There are some programs inherently designed for use in a more positive way, rather than a maze to induce you to participate more.

1. LinkedIn

An example of this is LinkedIn. The app is designed for working professionals to maintain relationships and also allows a space to positively spread brands or job opportunities. LinkedIn is set up where you can make your resume available in a creative way, making yourself presentable to employers and maintaining connections with colleagues.

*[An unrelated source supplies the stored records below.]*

theorem mainTheorem11:
  fixes L :: "('a \<Rightarrow> real) set" and I :: "('a \<Rightarrow> real) \<Rightarrow> real"
    and M :: "('b \<Rightarrow> real) set" and J :: "('b \<Rightarrow> real) \<Rightarrow> real"
    and \<rho> :: "'a \<Rightarrow> real" and \<phi> :: "'a \<Rightarrow> 'b"
  assumes "integral_system L I" and "integral_system M J"
    and "\<forall>x. 0 \<le> \<rho> x"
    and "\<forall>g\<in>M. (\<lambda>x. \<rho> x * g (\<phi> x)) \<in> L \<and> I (\<lambda>x. \<rho> x * g (\<phi> x)) = J g"
  shows "\<forall>g\<in>L1 M J. (\<lambda>x. \<rho> x * g (\<phi> x)) \<in> L1 L I \<and>
           I1 L I (\<lambda>x. \<rho> x * g (\<phi> x)) = I1 M J g"
proof
  interpret pullback_system L I M J \<rho> \<phi>
    using assms by unfold_locales auto
  fix g assume "g \<in> L1 M J"
  define G where "G y = ereal (g y)" for y
  define F where "F x = ereal (\<rho> x * g (\<phi> x))" for x
  have F_eq: "F = (\<lambda>x. ereal (\<rho> x) * G (\<phi> x))"
    unfolding F_def G_def by simp
  have lower_eq_upper: "lower_integral M J G = upper_integral M J G"
    and finite: "\<bar>upper_integral M J G\<bar> \<noteq> \<infinity>"
    using \<open>g \<in> L1 M J\<close> unfolding L1_def G_def by auto
  have lower: "lower_integral M J G \<le> lower_integral L I F"
    unfolding F_eq by (rule lower_integral_pullback_ge)
  have middle: "lower_integral L I F \<le> upper_integral L I F"
    by (rule L.lower_integral_le_upper_integral)
  have upper: "upper_integral L I F \<le> upper_integral M J G"
    unfolding F_eq by (rule upper_integral_pullback_le)
  have "upper_integral L I F = upper_integral M J G"
    using upper order_trans[OF lower middle] unfolding lower_eq_upper by (rule antisym)
  moreover have "lower_integral L I F = upper_integral M J G"
    using order_trans[OF middle upper] lower unfolding lower_eq_upper by (rule antisym)
  ultimately show "(\<lambda>x. \<rho> x * g (\<phi> x)) \<in> L1 L I \<and> I1 L I (\<lambda>x. \<rho> x * g (\<phi> x)) = I1 M J g"
    using finite unfolding L1_def I1_def F_def G_def by simp
qed

end
lemma sum_le_sum_top_subset:
  fixes f :: "'a \<Rightarrow> real"
  assumes "finite A" "top_subset k A f T" "Y \<subseteq> A" "card Y \<le> k"
  obtains U where "U \<subseteq> T" "card U \<le> card Y" "sum f Y \<le> sum f U"
proof -
  have T: "T \<subseteq> A" "card T = k" and top: "\<And>t i. t \<in> T \<Longrightarrow> i \<in> A - T \<Longrightarrow> f i \<le> f t"
    using assms(2) by (auto simp: top_subset_def)
  have fin: "finite T" "finite Y" using assms(1,3) T(1) finite_subset by auto
  then have "card (Y - T) \<le> card (T - Y)"
    using card_Int_Diff[of Y T] card_Int_Diff[of T Y] assms(4) T(2) by (simp add: Int_commute)
  then obtain \<phi> where \<phi>: "\<phi> ` (Y - T) \<subseteq> T - Y" "inj_on \<phi> (Y - T)"
    using card_le_inj[of "Y - T" "T - Y"] fin by auto
  define U where "U = (Y \<inter> T) \<union> \<phi> ` (Y - T)"
  show ?thesis
  proof
    show "U \<subseteq> T" unfolding U_def using \<phi> by auto
    have "card U \<le> card (Y \<inter> T) + card (\<phi> ` (Y - T))" unfolding U_def by (rule card_Un_le)
    also have "\<dots> = card Y" using \<phi>(2) fin card_Int_Diff[of Y T] by (simp add: card_image)
    finally show "card U \<le> card Y" .
    have "sum f Y = sum f (Y \<inter> T) + sum f (Y - T)" using fin(2) by (rule sum.Int_Diff)
    also have "sum f (Y - T) \<le> sum (f \<circ> \<phi>) (Y - T)"
      using top \<phi>(1) assms(3) by (intro sum_mono) auto
    also have "\<dots> = sum f (\<phi> ` (Y - T))" using \<phi>(2) by (simp add: sum.reindex)
    also have "sum f (Y \<inter> T) + sum f (\<phi> ` (Y - T)) = sum f U"
      unfolding U_def using \<phi>(1) fin by (intro sum.union_disjoint[symmetric]) auto
    finally show "sum f Y \<le> sum f U" by simp
  qed
qed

You create your own page with an about me section, a list of your previous experiences (Internships, Jobs, etc.), your current or previous education, any licenses or certifications you may hold, and additional sections in volunteering you’ve done, skills you possess, your publications, organizations you’re a part of, awards, and languages you speak. Through LinkedIn, you’re not only able to add more information than you could typically fit in a 1-2 page resume, but you can also elaborate on certain areas and present it in a visually appealing way.

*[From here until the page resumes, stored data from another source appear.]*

(* Let $n\ge 2$ and let $G=K_n$ on vertices $v_1,\dots,v_n$ with edge weights $w_{\{i,j\}}\in(0,1)$. Then $\operatorname{eptw}(G)=\frac{1}{1-W}$, where $W=\min_{1\le i\le n}\prod_{j\ne i}(1-w_{\{i,j\}})$.
   Context: Let $G$ be a finite simple graph in which each edge $uv$ has a weight $w_{uv}\in(0,1)$. Weighted zero forcing: start with a set $B\subseteq V(G)$ of blue vertices, all other vertices white. In each round, simultaneously, for every blue vertex $u$ that has exactly one white neighbor $v$ (with respect to the coloring at the start of the round), $u$ attempts to force $v$, succeeding with probability $w_{uv}$, all attempts being independent; a white vertex becomes blue at the end of the round if at least one attempt on it succeeds. $B$ is a weighted zero forcing set of $G$ if this process can eventually color all of $V(G)$ blue (equivalently, $B$ is a zero forcing set of the underlying unweighted graph under the standard rule); $\operatorname{Z}(G)$ is the minimum size of such a set. $\operatorname{ptw}(G,B)$ is the random variable giving the round in which the last white vertex becomes blue ($0$ if $B=V(G)$); $\operatorname{eptw}(G,B)=\mathbb{E}[\operatorname{ptw}(G,B)]$; $\operatorname{eptw}(G)=\min\{\operatorname{eptw}(G,B): B$ a weighted zero forcing set with $|B|=\operatorname{Z}(G)\}$. *)

theory Defs
  imports "HOL-Probability.Probability"
begin

text \<open>A finite simple graph is given by a finite vertex set V and a symmetric,
irreflexive adjacency relation E; only neighbours inside V are considered.
Edge weights are given by a symmetric function w.\<close>

definition white_nbrs :: "'a set \<Rightarrow> ('a \<Rightarrow> 'a \<Rightarrow> bool) \<Rightarrow> 'a set \<Rightarrow> 'a \<Rightarrow> 'a set" where
  "white_nbrs V E S u = {x \<in> V. E u x \<and> x \<notin> S}"

definition zf_step :: "'a set \<Rightarrow> ('a \<Rightarrow> 'a \<Rightarrow> bool) \<Rightarrow> 'a set \<Rightarrow> 'a set" where
  "zf_step V E S = S \<union> {v. \<exists>u\<in>S. white_nbrs V E S u = {v}}"

definition is_zf_set :: "'a set \<Rightarrow> ('a \<Rightarrow> 'a \<Rightarrow> bool) \<Rightarrow> 'a set \<Rightarrow> bool" where
  "is_zf_set V E B \<longleftrightarrow> B \<subseteq> V \<and> (\<exists>k. (zf_step V E ^^ k) B = V)"

definition zf_number :: "'a set \<Rightarrow> ('a \<Rightarrow> 'a \<Rightarrow> bool) \<Rightarrow> nat" where
  "zf_number V E = Min (card ` {B. is_zf_set V E B})"

definition attempts :: "'a set \<Rightarrow> ('a \<Rightarrow> 'a \<Rightarrow> bool) \<Rightarrow> 'a set \<Rightarrow> ('a \<times> 'a) set" where
  "attempts V E S = {(u, v). u \<in> S \<and> white_nbrs V E S u = {v}}"

definition wstep :: "'a set \<Rightarrow> ('a \<Rightarrow> 'a \<Rightarrow> bool) \<Rightarrow> ('a \<Rightarrow> 'a \<Rightarrow> real) \<Rightarrow> 'a set \<Rightarrow> 'a set pmf" where
  "wstep V E w S =
     map_pmf (\<lambda>f. S \<union> {v. \<exists>u. (u, v) \<in> attempts V E S \<and> f (u, v)})
       (Pi_pmf (attempts V E S) False (\<lambda>(u, v). bernoulli_pmf (w u v)))"

fun wstate :: "'a set \<Rightarrow> ('a \<Rightarrow> 'a \<Rightarrow> bool) \<Rightarrow> ('a \<Rightarrow> 'a \<Rightarrow> real) \<Rightarrow> 'a set \<Rightarrow> nat \<Rightarrow> 'a set pmf" where
  "wstate V E w B 0 = return_pmf B"
| "wstate V E w B (Suc k) = bind_pmf (wstate V E w B k) (wstep V E w)"

text \<open>Probability that ptw(G,B) = k: for k = 0 this means B = V; for k \<ge> 1 it means
not all vertices are blue at the end of round k-1 but all are blue at the end of round k
(joint distribution of the blue sets after rounds k-1 and k).\<close>

definition ptw_prob :: "'a set \<Rightarrow> ('a \<Rightarrow> 'a \<Rightarrow> bool) \<Rightarrow> ('a \<Rightarrow> 'a \<Rightarrow> real) \<Rightarrow> 'a set \<Rightarrow> nat \<Rightarrow> real" where
  "ptw_prob V E w B k =
     (if k = 0 then (if B = V then 1 else 0)
      else measure_pmf.prob
             (bind_pmf (wstate V E w B (k - 1)) (\<lambda>S. map_pmf (Pair S) (wstep V E w S)))
             {(S, T). S \<noteq> V \<and> T = V})"

definition eptw_set :: "'a set \<Rightarrow> ('a \<Rightarrow> 'a \<Rightarrow> bool) \<Rightarrow> ('a \<Rightarrow> 'a \<Rightarrow> real) \<Rightarrow> 'a set \<Rightarrow> real" where
  "eptw_set V E w B = (\<Sum>k. real k * ptw_prob V E w B k)"

definition eptw :: "'a set \<Rightarrow> ('a \<Rightarrow> 'a \<Rightarrow> bool) \<Rightarrow> ('a \<Rightarrow> 'a \<Rightarrow> real) \<Rightarrow> real" where
  "eptw V E w = Min (eptw_set V E w ` {B. is_zf_set V E B \<and> card B = zf_number V E})"

end

theory Submission
  imports Defs
begin

text \<open>In \<open>K\<^sub>n\<close> every blue vertex is adjacent to every white vertex, so a force can happen
only when exactly one vertex \<open>i\<close> is white. Hence the zero forcing sets are \<open>V\<close> and the sets
\<open>V - {i}\<close>, and the minimum ones are the \<open>V - {i}\<close>. Starting from \<open>V - {i}\<close>, in every round
all other vertices try to force \<open>i\<close>; the round fails with probability
\<open>P\<^sub>i = \<Prod>u\<noteq>i. (1 - w u i)\<close> and a failed round leaves the colouring unchanged. So the
propagation time is geometric with success probability \<open>1 - P\<^sub>i\<close> and mean \<open>1 / (1 - P\<^sub>i)\<close>,
which is increasing in \<open>P\<^sub>i\<close>; minimising over \<open>i\<close> gives the formula.\<close>

abbreviation (input) complete_adj :: "'a \<Rightarrow> 'a \<Rightarrow> bool" where
  "complete_adj \<equiv> \<lambda>i j. i \<noteq> j"

lemma bernoulli_pmf_0: "bernoulli_pmf 0 = return_pmf False"
  by (rule pmf_eqI) (simp split: split_indicator)

lemma bernoulli_pmf_1: "bernoulli_pmf 1 = return_pmf True"
  by (rule pmf_eqI) (simp split: split_indicator)

lemma bind_bernoulli_pmf_thinning:
  assumes "0 \<le> q" "q \<le> 1" "0 \<le> p" "p \<le> 1"
  shows "bind_pmf (bernoulli_pmf q) (\<lambda>b. bernoulli_pmf (if b then p else 0)) = bernoulli_pmf (q * p)"
proof (rule pmf_eqI)
  fix x :: bool
  have "0 \<le> q * p" "q * p \<le> 1" using assms by (auto simp: mult_le_one)
  with assms show "pmf (bind_pmf (bernoulli_pmf q) (\<lambda>b. bernoulli_pmf (if b then p else 0))) x
      = pmf (bernoulli_pmf (q * p)) x"
    by (cases x) (simp_all add: pmf_bind algebra_simps)
qed

lemma measure_bind_pmf:
  "measure_pmf.prob (bind_pmf M f) A = measure_pmf.expectation M (\<lambda>x. measure_pmf.prob (f x) A)"
  unfolding measure_pmf_bind
  by (rule measure_pmf.measure_bind[where N="count_space UNIV"])
    (auto simp: space_subprob_algebra intro: prob_space_imp_subprob_space measure_pmf.prob_space_axioms)

lemma measure_bind_bernoulli_pmf:
  assumes "0 \<le> q" "q \<le> 1"
  shows "measure_pmf.prob (bind_pmf (bernoulli_pmf q) f) A
           = q * measure_pmf.prob (f True) A + (1 - q) * measure_pmf.prob (f False) A"
  using assms by (simp add: measure_bind_pmf)

lemma map_Pi_pmf_all_False:
  assumes "finite A"
  shows "map_pmf (\<lambda>f. \<forall>a\<in>A. \<not> f a) (Pi_pmf A False p) = bernoulli_pmf (\<Prod>a\<in>A. pmf (p a) False)"
proof (rule pmf_eqI)
  fix x :: bool
  let ?P = "\<Prod>a\<in>A. pmf (p a) False"
  have P: "0 \<le> ?P" "?P \<le> 1" by (auto intro: prod_nonneg prod_le_1 pmf_le_1)
  have "(\<lambda>f. \<forall>a\<in>A. \<not> f a) -` {True} = Pi A (\<lambda>_. {False})" by auto
  then have "pmf (map_pmf (\<lambda>f. \<forall>a\<in>A. \<not> f a) (Pi_pmf A False p)) True = ?P"
    using assms by (simp add: pmf_map measure_Pi_pmf_Pi measure_pmf_single)
  with P show "pmf (map_pmf (\<lambda>f. \<forall>a\<in>A. \<not> f a) (Pi_pmf A False p)) x = pmf (bernoulli_pmf ?P) x"
    by (cases x) (simp_all add: pmf_False_conv_True[of "map_pmf _ _"])
qed

lemma mono_on_Min_commute:
  fixes f :: "'a::linorder \<Rightarrow> 'b::linorder"
  assumes "mono_on A f" "finite A" "A \<noteq> {}"
  shows "f (Min A) = Min (f ` A)"
proof (rule Min_eqI[symmetric])
  show "finite (f ` A)" "f (Min A) \<in> f ` A" using assms(2,3) by simp_all
  show "f (Min A) \<le> y" if "y \<in> f ` A" for y
  proof -
    obtain x where "x \<in> A" "y = f x" using \<open>y \<in> f ` A\<close> by blast
    moreover have "Min A \<in> A" "Min A \<le> x" using assms(2,3) \<open>x \<in> A\<close> by simp_all
    ultimately show ?thesis using assms(1) by (simp add: mono_onD)
  qed
qed

definition fail_prob :: "'a set \<Rightarrow> ('a \<Rightarrow> 'a \<Rightarrow> real) \<Rightarrow> 'a \<Rightarrow> real" where
  "fail_prob V w i = (\<Prod>u\<in>V - {i}. 1 - w u i)"

lemma fail_prob_bounds:
  assumes "i \<in> V" "\<forall>u\<in>V. \<forall>v\<in>V. u \<noteq> v \<longrightarrow> 0 \<le> w u v \<and> w u v \<le> 1"
  shows "0 \<le> fail_prob V w i" "fail_prob V w i \<le> 1"
proof -
  have factor: "0 \<le> 1 - w u i \<and> 1 - w u i \<le> 1" if "u \<in> V - {i}" for u
    using assms that by simp
  show "0 \<le> fail_prob V w i"
    unfolding fail_prob_def by (rule prod_nonneg) (use factor in blast)
  show "fail_prob V w i \<le> 1"
    unfolding fail_prob_def by (rule prod_le_1) (use factor in blast)
qed

lemma card_ge_2_obtains_other:
  assumes "2 \<le> card V" "i \<in> V"
  obtains u where "u \<in> V" "u \<noteq> i"
proof -
  have "card (V - {i}) \<noteq> 0" using assms by (simp add: card_Diff_singleton)
  then have "V - {i} \<noteq> {}" by (metis card.empty)
  then show ?thesis using that by blast
qed

lemma fail_prob_less_1:
  assumes "2 \<le> card V" "i \<in> V" "\<forall>u\<in>V. \<forall>v\<in>V. u \<noteq> v \<longrightarrow> 0 < w u v \<and> w u v \<le> 1"
  shows "fail_prob V w i < 1"
proof -
  obtain u where u: "u \<in> V - {i}" using card_ge_2_obtains_other[OF assms(1,2)] by blast
  have fin: "finite V" using assms(1) by (metis card.infinite not_numeral_le_zero)
  have pos: "0 < w v i \<and> w v i \<le> 1" if "v \<in> V - {i}" for v
    using assms(2,3) that by blast
  have "(\<Prod>u\<in>V - {i}. 1 - w u i) < (\<Prod>u\<in>V - {i}. 1)"
    by (rule prod_mono_strict[OF u]) (use pos u fin in force)+
  then show ?thesis unfolding fail_prob_def by simp
qed

lemma white_nbrs_complete: "u \<in> S \<Longrightarrow> white_nbrs V complete_adj S u = V - S"
  by (auto simp: white_nbrs_def)

lemma attempts_complete_all_blue: "attempts V complete_adj V = {}"
  by (simp add: attempts_def white_nbrs_complete)

lemma attempts_complete_one_white:
  assumes "i \<in> V"
  shows "attempts V complete_adj (V - {i}) = (V - {i}) \<times> {i}"
proof -
  have "V - (V - {i}) = {i}" using assms by blast
  then have "white_nbrs V complete_adj (V - {i}) u = {i}" if "u \<in> V - {i}" for u
    by (simp only: white_nbrs_complete[OF that])
  then show ?thesis unfolding attempts_def by blast
qed

lemma wstep_complete_all_blue: "wstep V complete_adj w V = return_pmf V"
  by (simp add: wstep_def attempts_complete_all_blue map_return_pmf)

lemma wstep_complete_one_white:
  assumes "finite V" "i \<in> V" and w: "\<forall>u\<in>V. \<forall>v\<in>V. u \<noteq> v \<longrightarrow> 0 \<le> w u v \<and> w u v \<le> 1"
  shows "wstep V complete_adj w (V - {i}) =
    map_pmf (\<lambda>b. if b then V - {i} else V) (bernoulli_pmf (fail_prob V w i))"
proof -
  let ?A = "(V - {i}) \<times> {i}"
  let ?p = "\<lambda>(u, v). bernoulli_pmf (w u v)"
  have outcome: "(\<lambda>f. (V - {i}) \<union> {v. \<exists>u. (u, v) \<in> ?A \<and> f (u, v)}) =
      (\<lambda>b. if b then V - {i} else V) \<circ> (\<lambda>f. \<forall>a\<in>?A. \<not> f a)"
    using assms(2) by (intro ext) auto
  have "?A = (\<lambda>u. (u, i)) ` (V - {i})" by auto
  then have "(\<Prod>a\<in>?A. pmf (?p a) False) = (\<Prod>u\<in>V - {i}. pmf (bernoulli_pmf (w u i)) False)"
    by (simp add: prod.reindex inj_on_def)
  also have "\<dots> = fail_prob V w i"
  proof -
    have "0 \<le> w u i \<and> w u i \<le> 1" if "u \<in> V - {i}" for u
      using w assms(2) that by blast
    then show ?thesis unfolding fail_prob_def by (intro prod.cong) auto
  qed
  finally have all_fail:
      "map_pmf (\<lambda>f. \<forall>a\<in>?A. \<not> f a) (Pi_pmf ?A False ?p) = bernoulli_pmf (fail_prob V w i)"
    using map_Pi_pmf_all_False[of ?A ?p] assms(1) by simp
  show ?thesis
    by (simp only: wstep_def attempts_complete_one_white[OF assms(2)] outcome map_pmf_compose
        o_apply all_fail)
qed

lemma wstate_complete_one_white:
  assumes "finite V" "i \<in> V" and w: "\<forall>u\<in>V. \<forall>v\<in>V. u \<noteq> v \<longrightarrow> 0 \<le> w u v \<and> w u v \<le> 1"
  shows "wstate V complete_adj w (V - {i}) k =
    map_pmf (\<lambda>b. if b then V - {i} else V) (bernoulli_pmf (fail_prob V w i ^ k))"
proof (induction k)
  case 0
  then show ?case by (simp add: bernoulli_pmf_1 map_return_pmf)
next
  case (Suc k)
  let ?P = "fail_prob V w i"
  let ?g = "\<lambda>b. if b then V - {i} else V"
  have P: "0 \<le> ?P" "?P \<le> 1" using fail_prob_bounds[OF assms(2) w] by blast+
  then have Pk: "0 \<le> ?P ^ k" "?P ^ k \<le> 1" by (simp_all add: power_le_one)
  have "wstate V complete_adj w (V - {i}) (Suc k) =
      bind_pmf (bernoulli_pmf (?P ^ k)) (\<lambda>b. wstep V complete_adj w (?g b))"
    by (simp add: Suc bind_map_pmf)
  also have "\<dots> = bind_pmf (bernoulli_pmf (?P ^ k)) (\<lambda>b. map_pmf ?g (bernoulli_pmf (if b then ?P else 0)))"
    by (intro bind_pmf_cong refl)
      (auto simp: wstep_complete_one_white[OF assms] wstep_complete_all_blue bernoulli_pmf_0 map_return_pmf)
  also have "\<dots> = map_pmf ?g (bernoulli_pmf (?P ^ Suc k))"
    using P Pk by (simp add: map_bind_pmf[symmetric] bind_bernoulli_pmf_thinning mult.commute)
  finally show ?case .
qed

Similar to other social media platforms, you have the opportunity to choose a profile picture and background, but the style of those photos tends to differ in function and purpose. Rather than choosing a casual selfie or funny photo you and a friend relate to, LinkedIn typically features professional headshots and backgrounds. Considering the website is to attract employers, and often can be linked on your resume you send to potential jobs, there is a certain standard in a LinkedIn profile versus one on Facebook or Instagram.

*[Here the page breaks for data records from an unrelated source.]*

lemma base_text_occurrence_in_block:
  assumes "0 < L" and "i + L \<le> base_length K + m"
    and q: "q < K - 1" and r: "r < K + 2" and i: "i = 2 * K + 1 + q * (K + 2) + r"
    and avoid: "\<And>p. p \<in> base_attractor K m \<Longrightarrow> i \<le> p \<Longrightarrow> i + L \<le> p"
  shows "has_marked_occurrence (base_seq K) (base_length K + m) (base_attractor K m) i L"
proof -
  let ?s = "2 * K + 1 + q * (K + 2)"
  have "0 < r"
    using avoid[OF base_attractor_memberI(3)[OF q]] i \<open>0 < L\<close> by (cases "r = 0") auto
  have "i + L \<le> ?s + (K + 2)"
    using assms(2) q r i avoid by (rule base_text_factor_in_block_end)
  have window: "base_seq K (i + t) = (if r + t = q + 2 then 1 else 0)" if "t < L" for t
  proof -
    have shift: "i + t = ?s + (r + t)" and "r + t < K + 2"
      using i that \<open>i + L \<le> ?s + (K + 2)\<close> by auto
    with block_seq_block[OF q this(2), of "2 * K + 1" "spike K 1"] \<open>0 < r\<close> show ?thesis
      unfolding shift by simp
  qed
  show ?thesis
  proof (cases "r \<le> q + 2 \<and> q + 2 < r + L")
    case True
    show ?thesis
    proof (rule base_text_prefix_occurrence[where d = "q + 2 - r"])
      show "\<forall>t<L. base_seq K (i + t) = (if t = q + 2 - r then 1 else 0)"
        using window True by auto
    qed (use True q \<open>0 < r\<close> \<open>0 < L\<close> \<open>i + L \<le> ?s + (K + 2)\<close> i in auto)
  next
    case False
    show ?thesis
    proof (rule base_text_prefix_occurrence[where d = K])
      have "L \<le> K"
        using False q \<open>i + L \<le> ?s + (K + 2)\<close> i by auto
      then show "\<forall>t<L. base_seq K (i + t) = (if t = K then 1 else 0)"
        using window False by auto
      show "L \<le> K + 1 + K" using \<open>L \<le> K\<close> by simp
    qed (use \<open>0 < L\<close> in auto)
  qed
qed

LinkedIn is also educational. For instance, you might have found this article from LeadYouth’s LinkedIn page! Many websites provide helpful information on their LinkedIn account that is filtered out more than posts on other platforms, because of the purpose intended for a post. As well, you can not only make connections with people you know, but you can follow organizations or causes you might potentially be interested in. LinkedIn provides job resources and employment opportunities, coupled with some of the positive features of other apps like a chat box and meeting people.

2. YouTube

YouTube is another app with the potential for good. The video making platform can provide study inspiration, help you stay informed with the news, or help you learn how to put together a desk. Not only are there dozens of educational resources on the platform, but it also has leisurely videos that can still provide you some benefit. You might watch a short video of an artist making a painting for creative inspiration, or spend some time learning a new hobby through a tutorial. While YouTube has a wide variety of videos, you tend to be recommended content based on videos you’ve already enjoyed, leading to a positive reinforcement of content you truly want to see.

3. Quora/Reddit

Question and answer forums, like Quora or Reddit, can also have the potential for good. Providing an internet resource from people in situations just like your own, users can pose questions in forums made up of individuals with similar interests. Of course, these platforms hold the same issues as any platform in regards to not every forum truly acting educational, but if you control your pages and follow the right people you can use the sites to help with homework or answering queries. You can also contribute to conversations in areas you are interested in to help others, contributing to the greater good.

4. Pinterest

Lastly, websites like Pinterest and, to a lesser extent, Tumblr, can provide creative inspiration. While not entirely educational, the websites tend to display a better part of the internet, where creatives can show their work and people in similar fan groupings can look at what they’re interested in. People frequently collect photos on Pinterest for vision boards of what they want their new experiences in life to mirror–new year, new school, new job, etc.–and help you to shift your mindset on life to one that’s more positive.


Social media allows its users to share content, stay connected with friends, learn new skills, and market. Yet, the key is knowing it can also have its flaws if misused. Reducing negative influences can improve your health, safety, and well being, and allow you to manage your life instead of social media managing you.